§ **Exercise brief**: With every line kept intact, print the entries that appear below.

§ **Extracted entries**:
(* With the notation of the context, for every $i\in\{1,\dots,n\}$: (1) if the indecomposable module $L(i,k)$ exists, then $0<k<2n$; (2) $\ell(P_i)=n+\inf\{r\in\mathbb{N}\mid\sigma^r(i)\in\Delta\}$; in particular $n\leqslant\ell(P_i)<2n$; (3) if $n\leqslant k<\ell(P_i)$, then $\ell(P_{\sigma^k(i)})=\ell(P_i)-(k-n)$; (4) if $0<k<\ell(P_i)$, then $\Omega(L(i,k))\cong L(\sigma^k(i),\ell(P_i)-k)$.
   Context: Let $K$ be a field, $n\geqslant2$, $Q$ the cyclic quiver with vertices $1,\dots,n$ and arrows $\alpha_i:i\to i+1$ ($1\leqslant i\leqslant n-1$), $\alpha_n:n\to1$, paths composed right to left. Let $\rho_1=\alpha_n\cdots\alpha_1$ and $\rho_i=\alpha_{i-1}\cdots\alpha_1\alpha_n\cdots\alpha_i$ for $2\leqslant i\leqslant n$. Fix $1\leqslant m\leqslant n$ and $\Delta=\{\lambda_1<\cdots<\lambda_m\}\subseteq\{1,\dots,n\}$, and let $A_{n,m}=KQ/\langle\rho_\lambda:\lambda\in\Delta\rangle$, with Jacobson radical $J$. Modules are finitely generated left $A_{n,m}$-modules. $e_i$ is the idempotent at vertex $i$, $P_i=A_{n,m}e_i$, $S_i=P_i/Je_i$. The Loewy length is $\ell(M)=\min\{s\geqslant1: J^sM=0\}$. $L(i,k)$ denotes the indecomposable module with top $S_i$ and Loewy length $k$ (i.e. $P_i/J^kP_i$ for $1\leqslant k\leqslant\ell(P_i)$). $\sigma$ is the permutation of $\{1,\dots,n\}$ with $\sigma(i)=i+1$ for $i<n$ and $\sigma(n)=1$; $\sigma^r$ its $r$-th power, $\sigma^0=\mathrm{id}$. $\Omega(M)$ is the kernel of a projective cover of $M$. *)

theory Defs
  imports "HOL-Algebra.QuotRing" "HOL-Algebra.Module"
begin
lemma beta_p_le_gamma_p:
  fixes U :: "'a::ab_group_add set"
  assumes U: "finite U" and p: "1 < p"
  shows "beta_p p U \<le> gamma_p p (indicator U)"
  unfolding gamma_p_def Let_def
proof (rule cInf_greatest)
  show "{norm1 (maxconv (maxconv (indicator U) g) h) / (lpnorm p g * lpnorm (p / (p - 1)) h) | g h.
      admissible g \<and> admissible h} \<noteq> {}"
    using admissible_indicator[of "{0::'a}"] by blast
  fix y assume "y \<in> {norm1 (maxconv (maxconv (indicator U) g) h) / (lpnorm p g * lpnorm (p / (p - 1)) h) | g h.
      admissible g \<and> admissible h}"
  then obtain g h where g: "admissible g" and h: "admissible h"
    and y: "y = norm1 (maxconv (maxconv (indicator U) g) h) / (lpnorm p g * lpnorm (p / (p - 1)) h)"
    by blast
  have "beta_p p U * lpnorm p g * lpnorm (p / (p - 1)) h \<le> norm1 (maxconv (maxconv (indicator U) g) h)"
    by (rule lpnorm_mult_le_of_level_bounds[OF g h _ conjugate_exponent(2,1)[OF p] beta_p_nonneg])
       (use p beta_p_level_bound[OF U g h p conjugate_exponent(1)[OF p]] in auto)
  moreover have "0 < lpnorm p g * lpnorm (p / (p - 1)) h"
    using lpnorm_pos[OF g] lpnorm_pos[OF h] conjugate_exponent[OF p] p by simp
  ultimately show "beta_p p U \<le> y" by (simp add: y pos_le_divide_eq mult.assoc)
qed

lemma gamma_p_le_beta_p:
  fixes U :: "'a::ab_group_add set"
  assumes U: "finite U" and p: "1 < p"
  shows "gamma_p p (indicator U) \<le> beta_p p U"
  unfolding beta_p_def
proof (rule cInf_greatest)
  show "{real (card (sumset (sumset A B) U)) / (real (card A) powr (1/p) * real (card B) powr (1 - 1/p)) | A B.
      finite A \<and> A \<noteq> {} \<and> finite B \<and> B \<noteq> {}} \<noteq> {}"
    by blast
  fix y assume "y \<in> {real (card (sumset (sumset A B) U)) / (real (card A) powr (1/p) * real (card B) powr (1 - 1/p)) | A B.
      finite A \<and> A \<noteq> {} \<and> finite B \<and> B \<noteq> {}}"
  then obtain A B where AB: "finite A" "A \<noteq> {}" "finite B" "B \<noteq> {}"
    and y: "y = real (card (sumset (sumset A B) U)) / (real (card A) powr (1/p) * real (card B) powr (1 - 1/p))"
    by blast
  have "1 / (p / (p - 1)) = 1 - 1/p" using conjugate_exponent(1)[OF p] by simp
  then have "y = norm1 (maxconv (maxconv (indicator U) (indicator A)) (indicator B))
      / (lpnorm p (indicator A) * lpnorm (p / (p - 1)) (indicator B))"
    using U AB p by (simp add: y norm1_maxconv_indicators lpnorm_indicator)
  moreover have "gamma_p p (indicator U) \<le> norm1 (maxconv (maxconv (indicator U) (indicator A)) (indicator B))
      / (lpnorm p (indicator A) * lpnorm (p / (p - 1)) (indicator B))"
    unfolding gamma_p_def Let_def
    by (rule cInf_lower)
       (use admissible_indicator AB in blast,
        auto intro!: bdd_belowI[where m = 0] divide_nonneg_nonneg norm1_maxconv3_nonneg[OF U] simp: lpnorm_nonneg)
  ultimately show "gamma_p p (indicator U) \<le> y" by simp
qed

lemma beta'_le_gamma':
  fixes U :: "'a::ab_group_add set"
  assumes U: "finite U"
  shows "beta' U \<le> gamma' (indicator U)"
  unfolding gamma'_def
proof (rule cInf_greatest)
  show "{norm1 (maxconv (maxconv (indicator U) g) h) / (lpnorm 2 g * lpnorm 2 h) | g h.
      admissible g \<and> admissible h \<and> ident_distrib g h} \<noteq> {}"
    using admissible_indicator[of "{0::'a}"] ident_distrib_indicator[of "{0::'a}" "{0}"] by blast
  fix y assume "y \<in> {norm1 (maxconv (maxconv (indicator U) g) h) / (lpnorm 2 g * lpnorm 2 h) | g h.
      admissible g \<and> admissible h \<and> ident_distrib g h}"
  then obtain g h where g: "admissible g" and h: "admissible h" and id: "ident_distrib g h"
    and y: "y = norm1 (maxconv (maxconv (indicator U) g) h) / (lpnorm 2 g * lpnorm 2 h)"
    by blast
  have "beta' U * lpnorm 2 g * lpnorm 2 h \<le> norm1 (maxconv (maxconv (indicator U) g) h)"
    by (rule lpnorm_mult_le_of_level_bounds[OF g h _ _ _ beta'_nonneg])
       (use beta'_level_bound[OF U g h id] in auto)
  moreover have "0 < lpnorm 2 g * lpnorm 2 h" using lpnorm_pos[OF g] lpnorm_pos[OF h] by simp
  ultimately show "beta' U \<le> y" by (simp add: y pos_le_divide_eq mult.assoc)
qed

§ **Solution to this task**:
(* With the notation of the context, for every $i\in\{1,\dots,n\}$: (1) if the indecomposable module $L(i,k)$ exists, then $0<k<2n$; (2) $\ell(P_i)=n+\inf\{r\in\mathbb{N}\mid\sigma^r(i)\in\Delta\}$; in particular $n\leqslant\ell(P_i)<2n$; (3) if $n\leqslant k<\ell(P_i)$, then $\ell(P_{\sigma^k(i)})=\ell(P_i)-(k-n)$; (4) if $0<k<\ell(P_i)$, then $\Omega(L(i,k))\cong L(\sigma^k(i),\ell(P_i)-k)$.
   Context: Let $K$ be a field, $n\geqslant2$, $Q$ the cyclic quiver with vertices $1,\dots,n$ and arrows $\alpha_i:i\to i+1$ ($1\leqslant i\leqslant n-1$), $\alpha_n:n\to1$, paths composed right to left. Let $\rho_1=\alpha_n\cdots\alpha_1$ and $\rho_i=\alpha_{i-1}\cdots\alpha_1\alpha_n\cdots\alpha_i$ for $2\leqslant i\leqslant n$. Fix $1\leqslant m\leqslant n$ and $\Delta=\{\lambda_1<\cdots<\lambda_m\}\subseteq\{1,\dots,n\}$, and let $A_{n,m}=KQ/\langle\rho_\lambda:\lambda\in\Delta\rangle$, with Jacobson radical $J$. Modules are finitely generated left $A_{n,m}$-modules. $e_i$ is the idempotent at vertex $i$, $P_i=A_{n,m}e_i$, $S_i=P_i/Je_i$. The Loewy length is $\ell(M)=\min\{s\geqslant1: J^sM=0\}$. $L(i,k)$ denotes the indecomposable module with top $S_i$ and Loewy length $k$ (i.e. $P_i/J^kP_i$ for $1\leqslant k\leqslant\ell(P_i)$). $\sigma$ is the permutation of $\{1,\dots,n\}$ with $\sigma(i)=i+1$ for $i<n$ and $\sigma(n)=1$; $\sigma^r$ its $r$-th power, $\sigma^0=\mathrm{id}$. $\Omega(M)$ is the kernel of a projective cover of $M$. *)

theory Defs
  imports "HOL-Algebra.QuotRing" "HOL-Algebra.Module"
begin
lemma beta_p_le_gamma_p:
  fixes U :: "'a::ab_group_add set"
  assumes U: "finite U" and p: "1 < p"
  shows "beta_p p U \<le> gamma_p p (indicator U)"
  unfolding gamma_p_def Let_def
proof (rule cInf_greatest)
  show "{norm1 (maxconv (maxconv (indicator U) g) h) / (lpnorm p g * lpnorm (p / (p - 1)) h) | g h.
      admissible g \<and> admissible h} \<noteq> {}"
    using admissible_indicator[of "{0::'a}"] by blast
  fix y assume "y \<in> {norm1 (maxconv (maxconv (indicator U) g) h) / (lpnorm p g * lpnorm (p / (p - 1)) h) | g h.
      admissible g \<and> admissible h}"
  then obtain g h where g: "admissible g" and h: "admissible h"
    and y: "y = norm1 (maxconv (maxconv (indicator U) g) h) / (lpnorm p g * lpnorm (p / (p - 1)) h)"
    by blast
  have "beta_p p U * lpnorm p g * lpnorm (p / (p - 1)) h \<le> norm1 (maxconv (maxconv (indicator U) g) h)"
    by (rule lpnorm_mult_le_of_level_bounds[OF g h _ conjugate_exponent(2,1)[OF p] beta_p_nonneg])
       (use p beta_p_level_bound[OF U g h p conjugate_exponent(1)[OF p]] in auto)
  moreover have "0 < lpnorm p g * lpnorm (p / (p - 1)) h"
    using lpnorm_pos[OF g] lpnorm_pos[OF h] conjugate_exponent[OF p] p by simp
  ultimately show "beta_p p U \<le> y" by (simp add: y pos_le_divide_eq mult.assoc)
qed

lemma gamma_p_le_beta_p:
  fixes U :: "'a::ab_group_add set"
  assumes U: "finite U" and p: "1 < p"
  shows "gamma_p p (indicator U) \<le> beta_p p U"
  unfolding beta_p_def
proof (rule cInf_greatest)
  show "{real (card (sumset (sumset A B) U)) / (real (card A) powr (1/p) * real (card B) powr (1 - 1/p)) | A B.
      finite A \<and> A \<noteq> {} \<and> finite B \<and> B \<noteq> {}} \<noteq> {}"
    by blast
  fix y assume "y \<in> {real (card (sumset (sumset A B) U)) / (real (card A) powr (1/p) * real (card B) powr (1 - 1/p)) | A B.
      finite A \<and> A \<noteq> {} \<and> finite B \<and> B \<noteq> {}}"
  then obtain A B where AB: "finite A" "A \<noteq> {}" "finite B" "B \<noteq> {}"
    and y: "y = real (card (sumset (sumset A B) U)) / (real (card A) powr (1/p) * real (card B) powr (1 - 1/p))"
    by blast
  have "1 / (p / (p - 1)) = 1 - 1/p" using conjugate_exponent(1)[OF p] by simp
  then have "y = norm1 (maxconv (maxconv (indicator U) (indicator A)) (indicator B))
      / (lpnorm p (indicator A) * lpnorm (p / (p - 1)) (indicator B))"
    using U AB p by (simp add: y norm1_maxconv_indicators lpnorm_indicator)
  moreover have "gamma_p p (indicator U) \<le> norm1 (maxconv (maxconv (indicator U) (indicator A)) (indicator B))
      / (lpnorm p (indicator A) * lpnorm (p / (p - 1)) (indicator B))"
    unfolding gamma_p_def Let_def
    by (rule cInf_lower)
       (use admissible_indicator AB in blast,
        auto intro!: bdd_belowI[where m = 0] divide_nonneg_nonneg norm1_maxconv3_nonneg[OF U] simp: lpnorm_nonneg)
  ultimately show "gamma_p p (indicator U) \<le> y" by simp
qed

lemma beta'_le_gamma':
  fixes U :: "'a::ab_group_add set"
  assumes U: "finite U"
  shows "beta' U \<le> gamma' (indicator U)"
  unfolding gamma'_def
proof (rule cInf_greatest)
  show "{norm1 (maxconv (maxconv (indicator U) g) h) / (lpnorm 2 g * lpnorm 2 h) | g h.
      admissible g \<and> admissible h \<and> ident_distrib g h} \<noteq> {}"
    using admissible_indicator[of "{0::'a}"] ident_distrib_indicator[of "{0::'a}" "{0}"] by blast
  fix y assume "y \<in> {norm1 (maxconv (maxconv (indicator U) g) h) / (lpnorm 2 g * lpnorm 2 h) | g h.
      admissible g \<and> admissible h \<and> ident_distrib g h}"
  then obtain g h where g: "admissible g" and h: "admissible h" and id: "ident_distrib g h"
    and y: "y = norm1 (maxconv (maxconv (indicator U) g) h) / (lpnorm 2 g * lpnorm 2 h)"
    by blast
  have "beta' U * lpnorm 2 g * lpnorm 2 h \<le> norm1 (maxconv (maxconv (indicator U) g) h)"
    by (rule lpnorm_mult_le_of_level_bounds[OF g h _ _ _ beta'_nonneg])
       (use beta'_level_bound[OF U g h id] in auto)
  moreover have "0 < lpnorm 2 g * lpnorm 2 h" using lpnorm_pos[OF g] lpnorm_pos[OF h] by simp
  ultimately show "beta' U \<le> y" by (simp add: y pos_le_divide_eq mult.assoc)
qed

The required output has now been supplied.